Sunday, November 15, 2009

aaaaarrrrrrrrrgggggggghhhhhh!

Sun, April 9, 2006
I am trying so hard, so very hard, to bend my will and study like it's all I want to do. I shouldn't bitch, I know, I'm priveleged to be in vet school and lucky to be getting this education... that's the stuff they said in the packets I got when I was accepted, it seems... but hey folks, it sucks. It really and truly does. I am exhausted and can't stop. I try to sqeeze in some form of pleasure into my life here and there, like seeing you lovely people, or going to the gym, cooking when I can... all these things bring profound guilt because it means I am not studying every single second. I am not an A student, and I have stopped striving for A's because it was making me so depressed; it would be an inhuman effort on my part to get there. I don't actually think it's possible. No, it's not one of those self depricating things; I really mean it. It is an insane amount of information we are trying to swallow, and Tufts is the most curriculum heavy of all the schools (the others are a little shocked at what we have to do!) I do love it for all the reasons I applied, like the fact that it is a humane based school heavy in ethics and so forth... and an institution that prides itself on having the most over achievers possible. But folks! I sometimes feel it is draining away who I am. It takes me a while to relax, and sometimes I realize that I forget who I am and how funny I can be. I don't like feeling I am losing my Self.

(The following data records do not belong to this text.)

(* Let $G$ be an exceptional graph with root $r$, and let $\{x,y\}=V_2(G)\setminus\{r\}$. Then one of the following holds: (i) $x$ and $y$ are non-adjacent, have the same neighborhood (they are $2$-twins), and $L_G(x,y)\equiv\{1,2\}\pmod 3$; (ii) $x$ and $y$ are adjacent and $L_G(x,y)\equiv\{0,1\}\pmod 3$. Moreover, if $G\neq K_{2,3}$, then $\{0,2\}\subseteq L_{G-y}(r,x)\pmod 3$ and $\{0,2\}\subseteq L_{G-x}(r,y)\pmod 3$.
   Context: All graphs are finite and simple. $V_2(H)$ is the set of degree-$2$ vertices of $H$. For distinct vertices $u,w$ of a graph $H$, $L_H(u,w)$ is the set of lengths (numbers of edges) of all $(u,w)$-paths in $H$. For sets of integers $A,B$, $A\subseteq B\pmod k$ means every $a\in A$ is congruent mod $k$ to some $b\in B$, and $A\equiv B\pmod k$ means both $A\subseteq B\pmod k$ and $B\subseteq A\pmod k$. Exceptional graphs: let $r$ be a degree-$2$ vertex of $G$. $G$ is an exceptional graph with root $r$ if there is a sequence $(G_0,x_0,y_0),\ldots,(G_n,x_n,y_n)$, $n\ge 0$, with $G_0=K_{2,3}$, $G_n=G$, such that for each $i$ the vertices $r,x_i,y_i$ are distinct degree-$2$ vertices of $G_i$, and for each $i<n$: (1) if $x_iy_i\notin E(G_i)$, $G_{i+1}$ is obtained from $G_i$ by adding a new path of length $3$ joining $x_i$ and $y_i$; (2) if $x_iy_i\in E(G_i)$, $G_{i+1}$ is obtained from $G_i$ either by adding a new vertex $v$ with $N_{G_{i+1}}(v)=N_{G_i}(w)$ for some $w\in\{x_i,y_i\}$, or by adding a new $4$-cycle $abcda$ and the edges $ax_i,cy_i$. (Every such graph has exactly three degree-$2$ vertices.) *)

theory Defs
  imports Main
begin

text \<open>A finite simple graph is given by a vertex set V and a set E of edges,
each edge being a two-element subset of V.\<close>

definition nbrs :: "'a set set \<Rightarrow> 'a \<Rightarrow> 'a set" where
  "nbrs E v = {w. {v, w} \<in> E}"

definition deg :: "'a set set \<Rightarrow> 'a \<Rightarrow> nat" where
  "deg E v = card (nbrs E v)"

definition V2 :: "'a set \<Rightarrow> 'a set set \<Rightarrow> 'a set" where
  "V2 V E = {v \<in> V. deg E v = 2}"

definition is_path :: "'a set \<Rightarrow> 'a set set \<Rightarrow> 'a list \<Rightarrow> bool" where
  "is_path V E p \<longleftrightarrow> p \<noteq> [] \<and> distinct p \<and> set p \<subseteq> V \<and>
     (\<forall>i. Suc i < length p \<longrightarrow> {p ! i, p ! Suc i} \<in> E)"

definition path_lengths :: "'a set \<Rightarrow> 'a set set \<Rightarrow> 'a \<Rightarrow> 'a \<Rightarrow> nat set" where
  "path_lengths V E u w =
     {length p - 1 | p. is_path V E p \<and> hd p = u \<and> last p = w}"

definition del_vertex_edges :: "'a \<Rightarrow> 'a set set \<Rightarrow> 'a set set" where
  "del_vertex_edges v E = {e \<in> E. v \<notin> e}"

definition subset_mod :: "nat \<Rightarrow> nat set \<Rightarrow> nat set \<Rightarrow> bool" where
  "subset_mod k A B \<longleftrightarrow> (\<forall>a\<in>A. \<exists>b\<in>B. a mod k = b mod k)"

definition equiv_mod :: "nat \<Rightarrow> nat set \<Rightarrow> nat set \<Rightarrow> bool" where
  "equiv_mod k A B \<longleftrightarrow> subset_mod k A B \<and> subset_mod k B A"

definition K23_on :: "'a set \<Rightarrow> 'a set set \<Rightarrow> 'a \<Rightarrow> 'a \<Rightarrow> 'a \<Rightarrow> 'a \<Rightarrow> 'a \<Rightarrow> bool" where
  "K23_on V E a1 a2 b1 b2 b3 \<longleftrightarrow>
     distinct [a1, a2, b1, b2, b3] \<and> V = {a1, a2, b1, b2, b3} \<and>
     E = {{a, b} | a b. a \<in> {a1, a2} \<and> b \<in> {b1, b2, b3}}"

definition is_K23 :: "'a set \<Rightarrow> 'a set set \<Rightarrow> bool" where
  "is_K23 V E \<longleftrightarrow> (\<exists>a1 a2 b1 b2 b3. K23_on V E a1 a2 b1 b2 b3)"
lemma bij_betw_lk: "u \<in> VL \<Longrightarrow> bij_betw \<phi> (lk EL u) (lk EG (\<phi> u))"
  using covering by (simp add: covering_map_def)

lemma no_edge_in_fiber: "\<phi> a = \<phi> b \<Longrightarrow> (a, b) \<notin> EL"
  using simplicial_target edge_image by (fastforce simp: simplicial_graph_def irrefl_def)

lemma induced_substitution: "raag_substitution VL EL VG EG (\<lambda>a. [(\<phi> a, True)])"
  using image_source edge_image by (intro raag_substitution_graph_hom) auto

lemma transvection_substitution:
  assumes "v \<in> VG" "v' \<in> VG" "lk EG v \<subseteq> st EG v'"
  shows "raag_substitution VG EG VG EG (multi_transvection {v} (\<lambda>_. v') True)"
  using simplicial_target assms
  by (intro raag_substitution_multi_transvection) (auto simp: simplicial_graph_def irrefl_def)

The hardest part is that it is nearly impossible to maintain a support group because I am simply not available. And this is the heaviest emotional and mental burden I have ever experienced; most of the time I feel I am pretty nearly alone in it, by design. It's not that anyone who loves me wouldn't jump at the chance to be supportive... but it's a matter of, when?

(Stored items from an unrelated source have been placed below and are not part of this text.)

theorem mainTheorem3:
  shows "\<exists>(F :: real^'n::finite \<Rightarrow> real) (v :: real^'n \<Rightarrow> real).
     smooth_Rn F \<and> smooth_Rn v \<and>
     (\<forall>x. (\<Sum>i\<in>UNIV. \<Sum>j\<in>UNIV. pderiv i v x * pderiv j v x * pderiv i (pderiv j v) x)
           + (\<Sum>i\<in>UNIV. pderiv i v x * pderiv i F x) = 0) \<and>
     (\<exists>\<Omega>p \<Omega>m :: (real^'n) set.
        open \<Omega>p \<and> bounded \<Omega>p \<and> \<Omega>p \<noteq> {} \<and>
        open \<Omega>m \<and> bounded \<Omega>m \<and> \<Omega>m \<noteq> {} \<and>
        Sup (v ` \<Omega>p) > Sup (v ` frontier \<Omega>p) \<and>
        Inf (v ` \<Omega>m) < Inf (v ` frontier \<Omega>m))"
proof (intro exI conjI allI)
  show "smooth_Rn (\<lambda>x::real^'n. F_profile (x \<bullet> x))" "smooth_Rn (\<lambda>x::real^'n. v_profile (x \<bullet> x))"
    using real_polynomial_function_profiles
    by (auto intro: smooth_Rn_real_polynomial_function real_polynomial_function_radial)
  show "(\<Sum>i\<in>UNIV. \<Sum>j\<in>UNIV. pderiv i (\<lambda>x. v_profile (x \<bullet> x)) x * pderiv j (\<lambda>x. v_profile (x \<bullet> x)) x
          * pderiv i (pderiv j (\<lambda>x. v_profile (x \<bullet> x))) x)
        + (\<Sum>i\<in>UNIV. pderiv i (\<lambda>x. v_profile (x \<bullet> x)) x * pderiv i (\<lambda>x. F_profile (x \<bullet> x)) x) = 0"
    for x :: "real^'n"
    by (rule infinity_laplacian_drift_profiles)
  have cont: "continuous_on UNIV v_profile"
    unfolding v_profile_def[abs_def] by (intro continuous_intros)
  show "Sup ((\<lambda>x. v_profile (x \<bullet> x)) ` frontier (ball (0::real^'n) 1))
          < Sup ((\<lambda>x::real^'n. v_profile (x \<bullet> x)) ` ball 0 1)"
    by (rule radial_Sup_frontier_ball_less[OF cont, of 0]) (simp_all add: v_profile_def)
  show "Inf ((\<lambda>x. v_profile (x \<bullet> x)) ` ball (0::real^'n) (sqrt 2))
          < Inf ((\<lambda>x::real^'n. v_profile (x \<bullet> x)) ` frontier (ball 0 (sqrt 2)))"
    by (rule radial_Inf_frontier_ball_greater[OF cont, of 1]) (simp_all add: v_profile_def)
qed (auto simp del: frontier_ball)

end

So I am profoundly frustrated, tired, burnt out, and I have the better part of two months left to the semester. I am so tired! So tired that I feel like I don't care now! I have an exam tomorrow, and have been beating myself all day with the test materials, trying so hard to chain myself to it and make it happen; my resolve has been crumbling, no focus...
Well enough bitching... this is why I don't often answer the 'how are you?' question; it's too much. Way too much. And most people can't understand (and I am not saying that meanly!) because they just can't...

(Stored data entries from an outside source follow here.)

(* Let $\phi\in\mathrm{Aut}_0(H)$. Then $\phi(H(m))\subseteq\sum_{i=0}^mH(i)$ for all $m\geq0$.
   Context: Let $k$ be a field and $0\neq q\in k$ not a root of unity. $H=k_q[x,x^{-1},y]$ is the $k$-algebra generated by $x,x^{-1},y$ with $xx^{-1}=x^{-1}x=1$, $yx=qxy$, a Hopf algebra with $\Delta(x)=x\otimes x$, $\Delta(x^{-1})=x^{-1}\otimes x^{-1}$, $\Delta(y)=y\otimes x+1\otimes y$, $\varepsilon(x)=1$, $\varepsilon(y)=0$; $\{x^ny^m:n\in\mathbb{Z},m\in\mathbb{N}\}$ is a $k$-basis. $H_0=\mathrm{span}\{x^n:n\in\mathbb{Z}\}$ and $H(m)=H_0y^m$. $\mathrm{Aut}_0(H)$ is the group of coalgebra automorphisms $\phi$ of $H$ with $\phi(1)=1$. *)

theory Defs
  imports Main
begin

(* Elements of H = k_q[x,x^-1,y] are finitely supported coefficient functions
   on the basis x^n y^m, indexed by (n,m) :: int \<times> nat.
   Elements of H \<otimes> H are finitely supported functions on pairs of basis indices
   (basis x^a y^b \<otimes> x^c y^d  <->  ((a,b),(c,d))). *)

definition supp :: "('a \<Rightarrow> 'k::zero) \<Rightarrow> 'a set" where
  "supp f = {a. f a \<noteq> 0}"

definition Hsp :: "(int \<times> nat \<Rightarrow> 'k::field) set" where
  "Hsp = {f. finite (supp f)}"

definition Tsp :: "((int \<times> nat) \<times> (int \<times> nat) \<Rightarrow> 'k::field) set" where
  "Tsp = {t. finite (supp t)}"

definition bas :: "'a \<Rightarrow> 'a \<Rightarrow> 'k::field" where
  "bas a = (\<lambda>b. if b = a then 1 else 0)"

definition addI :: "int \<times> nat \<Rightarrow> int \<times> nat \<Rightarrow> int \<times> nat" where
  "addI a b = (fst a + fst b, snd a + snd b)"

(* (x^a1 y^a2)(x^b1 y^b2) = q^(a2*b1) x^(a1+b1) y^(a2+b2), from y x = q x y *)
definition tw :: "'k::field \<Rightarrow> int \<times> nat \<Rightarrow> int \<times> nat \<Rightarrow> 'k" where
  "tw q a b = q powi (int (snd a) * fst b)"

definition mulH :: "'k::field \<Rightarrow> (int \<times> nat \<Rightarrow> 'k) \<Rightarrow> (int \<times> nat \<Rightarrow> 'k) \<Rightarrow> (int \<times> nat \<Rightarrow> 'k)" where
  "mulH q f g = (\<lambda>c. \<Sum>a\<in>supp f. \<Sum>b\<in>supp g.
       if addI a b = c then f a * g b * tw q a b else 0)"

definition mulT :: "'k::field \<Rightarrow> ((int \<times> nat) \<times> (int \<times> nat) \<Rightarrow> 'k)
     \<Rightarrow> ((int \<times> nat) \<times> (int \<times> nat) \<Rightarrow> 'k) \<Rightarrow> ((int \<times> nat) \<times> (int \<times> nat) \<Rightarrow> 'k)" where
  "mulT q s t = (\<lambda>c. \<Sum>p\<in>supp s. \<Sum>p'\<in>supp t.
       if addI (fst p) (fst p') = fst c \<and> addI (snd p) (snd p') = snd c
       then s p * t p' * tw q (fst p) (fst p') * tw q (snd p) (snd p') else 0)"

definition unitT :: "(int \<times> nat) \<times> (int \<times> nat) \<Rightarrow> 'k::field" where
  "unitT = bas ((0,0),(0,0))"

definition powT :: "'k::field \<Rightarrow> ((int \<times> nat) \<times> (int \<times> nat) \<Rightarrow> 'k) \<Rightarrow> nat
     \<Rightarrow> ((int \<times> nat) \<times> (int \<times> nat) \<Rightarrow> 'k)" where
  "powT q t n = ((mulT q t) ^^ n) unitT"

(* \<Delta>(x) = x \<otimes> x, \<Delta>(x^-1) = x^-1 \<otimes> x^-1, \<Delta>(y) = y \<otimes> x + 1 \<otimes> y *)
definition DeltaX :: "(int \<times> nat) \<times> (int \<times> nat) \<Rightarrow> 'k::field" where
  "DeltaX = bas ((1,0),(1,0))"
definition DeltaXinv :: "(int \<times> nat) \<times> (int \<times> nat) \<Rightarrow> 'k::field" where
  "DeltaXinv = bas ((-1,0),(-1,0))"
definition DeltaY :: "(int \<times> nat) \<times> (int \<times> nat) \<Rightarrow> 'k::field" where
  "DeltaY = (\<lambda>p. bas ((0,1),(1,0)) p + bas ((0,0),(0,1)) p)"

(* \<Delta>(x^n y^m) = \<Delta>(x)^n \<Delta>(y)^m, \<Delta> being an algebra map *)
definition DeltaB :: "'k::field \<Rightarrow> int \<times> nat \<Rightarrow> ((int \<times> nat) \<times> (int \<times> nat) \<Rightarrow> 'k)" where
  "DeltaB q a = mulT q
     (if fst a \<ge> 0 then powT q DeltaX (nat (fst a)) else powT q DeltaXinv (nat (- fst a)))
     (powT q DeltaY (snd a))"

definition Delta :: "'k::field \<Rightarrow> (int \<times> nat \<Rightarrow> 'k) \<Rightarrow> ((int \<times> nat) \<times> (int \<times> nat) \<Rightarrow> 'k)" where
  "Delta q f = (\<lambda>p. \<Sum>a\<in>supp f. f a * DeltaB q a p)"

definition epsH :: "(int \<times> nat \<Rightarrow> 'k::field) \<Rightarrow> 'k" where
  "epsH f = (\<Sum>a\<in>supp f. if snd a = 0 then f a else 0)"

definition tmap :: "((int \<times> nat \<Rightarrow> 'k) \<Rightarrow> (int \<times> nat \<Rightarrow> 'k))
     \<Rightarrow> ((int \<times> nat) \<times> (int \<times> nat) \<Rightarrow> 'k::field) \<Rightarrow> ((int \<times> nat) \<times> (int \<times> nat) \<Rightarrow> 'k)" where
  "tmap \<phi> t = (\<lambda>c. \<Sum>p\<in>supp t. t p * \<phi> (bas (fst p)) (fst c) * \<phi> (bas (snd p)) (snd c))"

definition k_linear_on :: "((int \<times> nat \<Rightarrow> 'k) \<Rightarrow> (int \<times> nat \<Rightarrow> 'k::field)) \<Rightarrow> bool" where
  "k_linear_on \<phi> \<longleftrightarrow>
     (\<forall>f\<in>Hsp. \<forall>g\<in>Hsp. \<phi> (\<lambda>a. f a + g a) = (\<lambda>a. \<phi> f a + \<phi> g a)) \<and>
     (\<forall>f\<in>Hsp. \<forall>c. \<phi> (\<lambda>a. c * f a) = (\<lambda>a. c * \<phi> f a))"

definition Aut0 :: "'k::field \<Rightarrow> ((int \<times> nat \<Rightarrow> 'k) \<Rightarrow> (int \<times> nat \<Rightarrow> 'k)) set" where
  "Aut0 q = {\<phi>. k_linear_on \<phi> \<and> bij_betw \<phi> Hsp Hsp \<and>
      (\<forall>f\<in>Hsp. Delta q (\<phi> f) = tmap \<phi> (Delta q f)) \<and>
      (\<forall>f\<in>Hsp. epsH (\<phi> f) = epsH f) \<and>
      \<phi> (bas (0,0)) = bas (0,0)}"

definition Hdeg :: "nat \<Rightarrow> (int \<times> nat \<Rightarrow> 'k::field) set" where
  "Hdeg m = {f\<in>Hsp. \<forall>a\<in>supp f. snd a = m}"

definition Hle :: "nat \<Rightarrow> (int \<times> nat \<Rightarrow> 'k::field) set" where
  "Hle m = {f\<in>Hsp. \<forall>a\<in>supp f. snd a \<le> m}"

end

theory Submission
  imports Defs
begin

text \<open>
  Since \<open>\<Delta>(x^n y^d) = (x^n \<otimes> x^n) (y \<otimes> x + 1 \<otimes> y)^d\<close>, every basis tensor
  \<open>x^a y^i \<otimes> x^b y^j\<close> occurring in it has \<open>a = n\<close> and \<open>i + j = d\<close>, so each coefficient of
  \<open>\<Delta>h\<close> comes from a single coefficient of \<open>h\<close>. In particular, if \<open>x^n y^(k+1)\<close> occurs in
  \<open>h\<close>, then \<open>x^n y \<otimes> x^(n+1) y^k\<close> occurs in \<open>\<Delta>h\<close> with the extra factor
  \<open>1 + q + \<dots> + q^k\<close>, which is nonzero as \<open>q\<close> is not a root of unity. Hence
  \<open>\<Delta>h \<in> H(0) \<otimes> H + H \<otimes> (H(0) + \<dots> + H(m-1))\<close> forces \<open>h \<in> H(0) + \<dots> + H(m)\<close>, and a
  grouplike element lies in \<open>H(0)\<close>. By induction on \<open>m\<close>: \<open>\<phi>(x^n)\<close> is grouplike, and for
  \<open>m > 0\<close> the induction hypothesis puts \<open>\<Delta>\<phi>(x^n y^m) = (\<phi> \<otimes> \<phi>) \<Delta>(x^n y^m)\<close> into that subspace.
\<close>

definition addT :: "(int \<times> nat) \<times> (int \<times> nat) \<Rightarrow> (int \<times> nat) \<times> (int \<times> nat) \<Rightarrow> (int \<times> nat) \<times> (int \<times> nat)" where
  "addT p p' = (addI (fst p) (fst p'), addI (snd p) (snd p'))"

It's like being thrown in a lake and being told that the only way to survive is not to swim, but to drink the whole thing...
ugh.
Tue, April 11, 2006
Thank you everyone for all your support. It isn't often that I reach out and bleed like that... but it's very comforting knowing that when I had to do it, you were all there to mop up the goo. Instead of telling me to suck up and deal, or shut the fuck up or whatever... you people are amazing, awesome... what can I say? My life is better and better all the time.